Khamenei halts Iran president's grilling by parliament

By Mohammad Davari

TEHRAN (AFP) — Parliament has scrapped plans to summon President Mahmoud Ahmadinejad over Iran's economic woes following an intervention by supreme leader Ayatollah Ali Khamenei, the ISNA news agency said on Wednesday.

The decision was announced after Khamenei was quoted on his website, Khamenei.ir, as saying, "I ask lawmakers not to pursue" the planned questioning.

Khamenei has the final word over all state matters in the Islamic republic.

A petition submitted by 77 MPs in the 290-seat parliament on November 4 required Ahmadinejad to appear before lawmakers within a month to explain his "government's procrastination in managing" Iran's sanctions-hit economy.

The move was put in motion after the national currency, the rial, lost more than two-thirds of its value in a 20-day span starting in late September.

Shortly after Khamenei's remarks were published, parliament abandoned the planned grilling, ISNA reported.
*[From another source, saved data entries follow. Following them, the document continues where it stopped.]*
lemma linear_part_mult_tilde:
  "linear_part (c * tilde h) = Poly_Mapping.single 0 (Poly_Mapping.lookup c 0) * h"
proof (induction c rule: poly_mapping_induct)
  case zero
  show ?case by (simp add: linear_part.zero)
next
  case (single M a)
  show ?case
  proof (induction h rule: poly_mapping_induct)
    case zero
    show ?case by (simp add: linear_part.zero tilde.zero)
  next
    case (single \<gamma> b)
    show ?case
    proof (rule poly_mapping_eqI)
      fix \<alpha>
      show "Poly_Mapping.lookup (linear_part (Poly_Mapping.single M a * tilde (Poly_Mapping.single \<gamma> b))) \<alpha> =
        Poly_Mapping.lookup (Poly_Mapping.single 0 (Poly_Mapping.lookup (Poly_Mapping.single M a) 0) *
          Poly_Mapping.single \<gamma> b) \<alpha>"
        using inj_single_one[THEN injD, of \<gamma> \<alpha>] add_single_eq_single_iff[of M \<gamma> \<alpha>]
        by (auto simp: lookup_linear_part tilde_single mult_single lookup_single when_def)
    qed
  next
    case (add g h)
    then show ?case by (simp add: tilde.add linear_part.add distrib_left)
  qed
next
  case (add f g)
  then show ?case by (simp add: linear_part.add distrib_right lookup_add single_add)
qed

subsection \<open>Combinations with cofactors of bounded degree\<close>

definition bounded_combination ::
    "nat \<Rightarrow> (nat \<Rightarrow> 'a::comm_ring_1 mpoly) \<Rightarrow> nat \<Rightarrow> nat \<Rightarrow> 'a mpoly \<Rightarrow> bool" where
  "bounded_combination m fs r d f \<longleftrightarrow>
    (\<exists>gs. (\<forall>i<r. is_poly m (gs i)) \<and> f = (\<Sum>i<r. gs i * fs i) \<and> (\<forall>i<r. tdeg (gs i) \<le> d))"

lemma bounded_combination_zero: "bounded_combination m fs r d 0"
  unfolding bounded_combination_def is_poly_def tdeg_le_iff
  by (intro exI[of _ "\<lambda>_. 0"]) simp

lemma bounded_combination_add:
  assumes "bounded_combination m fs r d f" "bounded_combination m fs r d g"
  shows "bounded_combination m fs r d (f + g)"
proof -
  from assms obtain gs hs where
    gs: "\<forall>i<r. is_poly m (gs i)" "f = (\<Sum>i<r. gs i * fs i)" "\<forall>i<r. tdeg (gs i) \<le> d" and
    hs: "\<forall>i<r. is_poly m (hs i)" "g = (\<Sum>i<r. hs i * fs i)" "\<forall>i<r. tdeg (hs i) \<le> d"
    unfolding bounded_combination_def by blast
  have "f + g = (\<Sum>i<r. (gs i + hs i) * fs i)"
    by (simp add: gs(2) hs(2) distrib_right sum.distrib)
  with gs hs show ?thesis
    unfolding bounded_combination_def is_poly_def tdeg_le_iff
    by (intro exI[of _ "\<lambda>i. gs i + hs i"]) (auto dest: keys_add[THEN subsetD])
qed

lemma bounded_combination_monomial:
  assumes "i < r" "in_vars m \<alpha>" "ord_mon \<alpha> \<le> d"
  shows "bounded_combination m fs r d (Poly_Mapping.single \<alpha> c * fs i)"
proof -
  have "Poly_Mapping.single \<alpha> c * fs i =
      (\<Sum>j<r. (if j = i then Poly_Mapping.single \<alpha> c else 0) * fs j)"
  proof -
    have "(\<Sum>j<r. (if j = i then Poly_Mapping.single \<alpha> c else 0) * fs j) =
        (\<Sum>j<r. if j = i then Poly_Mapping.single \<alpha> c * fs j else 0)"
      by (rule sum.cong) auto
    with assms(1) show ?thesis by simp
  qed
  with assms show ?thesis
    unfolding bounded_combination_def is_poly_def tdeg_le_iff
    by (intro exI[of _ "\<lambda>j. if j = i then Poly_Mapping.single \<alpha> c else 0"]) auto
qed
lemma rstate_eq_sum:
  assumes "\<And>p. p \<in> set ps \<Longrightarrow> fst p \<noteq> snd p"
  shows "rstate ps y (\<lambda>s. \<rho> (ps ! s)) (length ps) i
       = y i + (\<Sum>p\<leftarrow>ps. (if fst p = i then \<rho> p else 0) - (if snd p = i then \<rho> p else 0))"
proof -
  have "rstate ps y (\<lambda>s. \<rho> (ps ! s)) s i
      = y i + (\<Sum>p\<leftarrow>take s ps. (if fst p = i then \<rho> p else 0) - (if snd p = i then \<rho> p else 0))"
    if "s \<le> length ps" for s
    using that
  proof (induction s)
    case (Suc s)
    obtain a a' where p: "ps ! s = (a, a')" by fastforce
    have "a \<noteq> a'" using assms[OF nth_mem] Suc.prems p by (metis Suc_le_lessD fst_conv snd_conv)
    then show ?case using Suc by (auto simp: p Let_def take_Suc_conv_app_nth)
  qed simp
  then show ?thesis by simp
qed

(* Step (a, a') of StrongRefresh adds its random to share a and subtracts it from share a';
   these values cancel d on every share other than h. *)
definition hub_rand :: "nat \<Rightarrow> (nat \<Rightarrow> 'a::ab_group_add) \<Rightarrow> nat \<times> nat \<Rightarrow> 'a" where
  "hub_rand h d p = (if snd p = h then - d (fst p) else if fst p = h then d (snd p) else 0)"

lemma rstate_hub_rand_off_hub:
  "d i = 0 \<Longrightarrow> i \<noteq> h \<Longrightarrow> rstate ps d (\<lambda>s. hub_rand h d (ps ! s)) s i = 0"
  by (induction s) (auto simp: Let_def hub_rand_def)

lemma rstate_hub_rand_final:
  fixes d :: "nat \<Rightarrow> 'a::ab_group_add"
  assumes "h < n" and "i < n" and "(\<Sum>i<n. d i) = 0"
  shows "rstate (pairs n) d (\<lambda>s. hub_rand h d (pairs n ! s)) (npairs n) i = 0"
proof -
  let ?y = "rstate (pairs n) d (\<lambda>s. hub_rand h d (pairs n ! s)) (npairs n)"
  have off_hub: "?y i' = 0" if "i' < n" "i' \<noteq> h" for i'
  proof -
    have "?y i' = d i' + (\<Sum>p\<leftarrow>pairs n.
        (if p = (i', h) then - d i' else 0) + (if p = (h, i') then - d i' else 0))"
      unfolding npairs_def
      by (subst rstate_eq_sum)
        (auto simp: set_pairs hub_rand_def \<open>i' \<noteq> h\<close> intro!: arg_cong[where f = sum_list])
    also have "\<dots> = 0"
      unfolding sum_list_distinct_conv_sum_set[OF distinct_pairs] sum.distrib sum.delta[OF finite_set]
      using that \<open>h < n\<close> by (auto simp: set_pairs)
    finally show ?thesis .
  qed
  have "(\<Sum>i<n. ?y i) = 0"
    using sum_rstate_pairs[of "npairs n" n d "\<lambda>s. hub_rand h d (pairs n ! s)"] assms(3) by simp
  moreover have "(\<Sum>i<n. ?y i) = ?y h"
    using off_hub \<open>h < n\<close> by (subst sum.remove[of _ h]) auto
  ultimately show ?thesis using off_hub \<open>i < n\<close> by (cases "i = h") auto
qed

lemma bst_indep_rand: "bst m n A b r st = bst m n A b r' st"
  by (induction st) (simp_all add: Let_def fulladd_eq_sum)

lemma bin_indep_rand: "bin m n A b r = bin m n A b r'"
  unfolding bin_def by (rule ext bst_indep_rand)+

lemma xcol_eq_sum: "xcol m n A b r j = (\<Sum>i<n. bin m n A b r j i j)"
  unfolding xcol_def by (simp add: fulladd_eq_sum)

lemma xcol_indep_rand: "xcol m n A b r j = xcol m n A b r' j"
  unfolding xcol_eq_sum by (simp add: bin_indep_rand[of m n A b r r'])

lemma sbs_out_indep_rand: "sbs_out m n A b r = sbs_out m n A b r'"
  unfolding sbs_out_def by (simp add: xcol_indep_rand[of m n A b r _ r'])

lemma bst_eq_on_share:
  assumes b: "\<And>k. k < m \<Longrightarrow> b i k = b0 i k"
    and A: "\<And>k j. k < m \<Longrightarrow> j < m \<Longrightarrow> A i k j = A0 i k j"
    and x: "\<And>j. j < m \<Longrightarrow> xcol m n A b r j = xcol m n A0 b0 r0 j"
    and "st \<le> m" and "k < m"
  shows "bst m n A b r st i k = bst m n A0 b0 r0 st i k"
  using assms(4,5)
proof (induction st arbitrary: k)
  case 0
  then show ?case using b by simp
next
  case (Suc st)
  let ?j = "m - Suc st"
  have "fulladd n (\<lambda>i. bst m n A b r st i ?j) (\<lambda>s. r (?j, s)) = xcol m n A b r ?j"
    and "fulladd n (\<lambda>i. bst m n A0 b0 r0 st i ?j) (\<lambda>s. r0 (?j, s)) = xcol m n A0 b0 r0 ?j"
    unfolding xcol_def bin_def using Suc.prems by (simp_all add: Suc_diff_Suc)
  moreover have "xcol m n A b r ?j = xcol m n A0 b0 r0 ?j" and "A i k ?j = A0 i k ?j"
    using x A Suc.prems by auto
  moreover have "bst m n A b r st i k = bst m n A0 b0 r0 st i k"
    using Suc by simp
  ultimately show ?case by (simp add: Let_def)
qed

fun share_of :: "nat \<Rightarrow> wire \<Rightarrow> nat" where
  "share_of n (WA i k j) = i"
| "share_of n (WB j i k) = i"
| "share_of n (WR j s) = fst (pairs n ! s)"
| "share_of n (WY j s i) = i"
| "share_of n (WS j k) = 0"  \<comment> \<open>arbitrary: partial sums of refreshed shares reveal no share\<close>
| "share_of n (WP j k i) = i"

lemma share_of_less: "w \<in> wires m n \<Longrightarrow> 0 < n \<Longrightarrow> share_of n w < n"
  by (auto simp: wires_def) (metis nth_pairs_less order.strict_trans)

lemma finite_wires: "finite (wires m n)"
proof -
  have "wires m n \<subseteq> (\<lambda>(i, k, j). WA i k j) ` ({..<n} \<times> {..<m} \<times> {..<m})
    \<union> (\<lambda>(j, i, k). WB j i k) ` ({..<m} \<times> {..<n} \<times> {..<m})
    \<union> (\<lambda>(j, s). WR j s) ` ({..<m} \<times> {..<npairs n})
    \<union> (\<lambda>(j, s, i). WY j s i) ` ({..<m} \<times> {..npairs n} \<times> {..<n})
    \<union> (\<lambda>(j, k). WS j k) ` ({..<m} \<times> {..n})
    \<union> (\<lambda>(j, k, i). WP j k i) ` ({..<m} \<times> {..<m} \<times> {..<n})"
    unfolding wires_def by (auto simp: image_iff)
  then show ?thesis by (rule finite_subset) auto
qed

lemma unprobed_share_exists:
  assumes "P \<subseteq> wires m n" and "card P < n"
  obtains h where "h < n" and "h \<notin> share_of n ` P"
proof -
  have "share_of n ` P \<subseteq> {..<n}" using assms share_of_less by fastforce
  moreover have "card (share_of n ` P) < card {..<n}"
    using card_image_le[OF finite_subset[OF assms(1) finite_wires], of "share_of n"] assms(2)
    by simp
  ultimately have "share_of n ` P \<subset> {..<n}"
    by (intro card_psubset) simp_all
  then show ?thesis using that by auto
qed

lemma map_pmf_add_uniform_PiE:
  fixes c :: "'b \<Rightarrow> 'a::{finite,group_add}"
  assumes "finite D" and "\<And>p. p \<notin> D \<Longrightarrow> c p = 0"
  shows "map_pmf (\<lambda>r p. r p + c p) (pmf_of_set (PiE D (\<lambda>_. UNIV)))
       = pmf_of_set (PiE D (\<lambda>_. UNIV))"
proof (rule map_pmf_of_set_bij_betw)
  show "bij_betw (\<lambda>r p. r p + c p) (PiE D (\<lambda>_. UNIV)) (PiE D (\<lambda>_. UNIV))"
    by (rule bij_betwI[where g = "\<lambda>r p. r p - c p"])
      (use assms in \<open>auto simp: PiE_iff extensional_def\<close>)
qed (use assms in \<open>auto simp: finite_PiE PiE_eq_empty_iff\<close>)

context
  fixes m n :: nat and I :: "nat set" and h :: nat
    and A A0 :: "nat \<Rightarrow> nat \<Rightarrow> nat \<Rightarrow> 'a::{finite,field}" and b b0 :: "nat \<Rightarrow> nat \<Rightarrow> 'a"
  assumes restrA_eq: "restrA m I A = restrA m I A0"
    and restrB_eq: "restrB m I b = restrB m I b0"
    and sbs_out_eq: "sbs_out m n A b = sbs_out m n A0 b0"
    and hub: "h < n" "h \<notin> I"
begin

definition col_diff :: "nat \<Rightarrow> nat \<Rightarrow> 'a" where
  "col_diff j i = bin m n A b (\<lambda>_. 0) j i j - bin m n A0 b0 (\<lambda>_. 0) j i j"

definition rand_shift :: "nat \<times> nat \<Rightarrow> 'a" where
  "rand_shift p =
     (if p \<in> rand_dom m n then hub_rand h (col_diff (fst p)) (pairs n ! snd p) else 0)"

lemma xcol_eq: "j < m \<Longrightarrow> xcol m n A b r j = xcol m n A0 b0 r' j"
  using fun_cong[OF sbs_out_eq, of r] xcol_indep_rand[of m n A0 b0 r j r']
  by (simp add: sbs_out_def)

lemma A_eq_on_I: "i \<in> I \<Longrightarrow> k < m \<Longrightarrow> j < m \<Longrightarrow> A i k j = A0 i k j"
  using fun_cong[OF fun_cong[OF fun_cong[OF restrA_eq, of i], of k], of j] by (simp add: restrA_def)

lemma b_eq_on_I: "i \<in> I \<Longrightarrow> k < m \<Longrightarrow> b i k = b0 i k"
  using fun_cong[OF fun_cong[OF restrB_eq, of i], of k] by (simp add: restrB_def)

lemma bin_eq_on_I:
  "i \<in> I \<Longrightarrow> j < m \<Longrightarrow> k < m \<Longrightarrow> bin m n A b r j i k = bin m n A0 b0 r' j i k"
  unfolding bin_def by (rule bst_eq_on_share) (auto simp: A_eq_on_I b_eq_on_I xcol_eq)

lemma col_diff_on_I: "i \<in> I \<Longrightarrow> j < m \<Longrightarrow> col_diff j i = 0"
  by (simp add: col_diff_def bin_eq_on_I)

lemma sum_col_diff: "j < m \<Longrightarrow> (\<Sum>i<n. col_diff j i) = 0"
  using xcol_eq[of j "\<lambda>_. 0" "\<lambda>_. 0"] by (simp add: col_diff_def sum_subtractf xcol_eq_sum)

lemma ystate_shift:
  assumes "j < m" and "s \<le> npairs n"
  shows "ystate m n A b (\<lambda>p. r p + rand_shift p) j s i
       = ystate m n A0 b0 r j s i
         + rstate (pairs n) (col_diff j) (\<lambda>s. hub_rand h (col_diff j) (pairs n ! s)) s i"
proof -
  have "bin m n A b r' j i j = bin m n A0 b0 r j i j + col_diff j i" for r' i
    by (simp add: col_diff_def bin_indep_rand[of m n A b r' "\<lambda>_. 0"]
        bin_indep_rand[of m n A0 b0 r "\<lambda>_. 0"])
  then have "ystate m n A b (\<lambda>p. r p + rand_shift p) j s i
      = ystate m n A0 b0 r j s i + rstate (pairs n) (col_diff j) (\<lambda>s. rand_shift (j, s)) s i"
    unfolding ystate_def by (simp add: rstate_add[symmetric])
  also have "rstate (pairs n) (col_diff j) (\<lambda>s. rand_shift (j, s)) s
      = rstate (pairs n) (col_diff j) (\<lambda>s. hub_rand h (col_diff j) (pairs n ! s)) s"
    by (rule rstate_cong) (use assms in \<open>auto simp: rand_shift_def rand_dom_def\<close>)
  finally show ?thesis .
qed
"By adhering to the supreme leader, we announce that we will not pursue the task," it quoted lawmaker Evaz Heidarpour as saying on behalf of the 77 MPs behind the move.

Khamenei meanwhile praised the conservative-dominated parliament for initiating the plan, saying "it showed a sense of responsibility in the assembly and a readiness by government officials to answer" questions on Iran's economic woes.

The rial's collapse sparked a row within the regime's faction-driven political system, with Ahmadinejad blaming international sanctions targeting Iran's economy over its controversial nuclear programme, as well as the other branches of government.

Iran's economy is struggling to cope with the gradual tightening of sanctions by the United States and the European Union over the past two years.

The sanctions have targeted Iran's vital oil exports and revenues as well as its access to the global banking system, slowing its economy, accelerating inflation and boosting the ranks of the jobless.

Ahmadinejad's rivals in the parliament meanwhile have criticised the government for being unable to stem the crisis, which officials liken to an "economic war."

Khamenei himself weighed in in early October, saying "some mismanagement" of the draconian measures were adding to "problems" for Iran's economy.

He however has repeatedly called on top officials in government, parliament and the judiciary to stop bickering in public.

On Wednesday, Khamenei reiterated that position, saying the country was in need of "serenity" and "unity" in its current economic situation.

Parliament had summoned Ahmadinejad in March over his handling of the economy among other policies in a first since the 1979 Islamic Revolution.

The rial has rallied since early November, gaining almost 30 percent of its value against the US dollar.

Western economic experts in Tehran say this might be the result of a resumption of injecting foreign currency into the open market by Iran's Central Bank, itself targeted by sanctions.

A ban on the import of more than 2,000 products deemed "luxury goods" is also playing a role in the rial's comeback.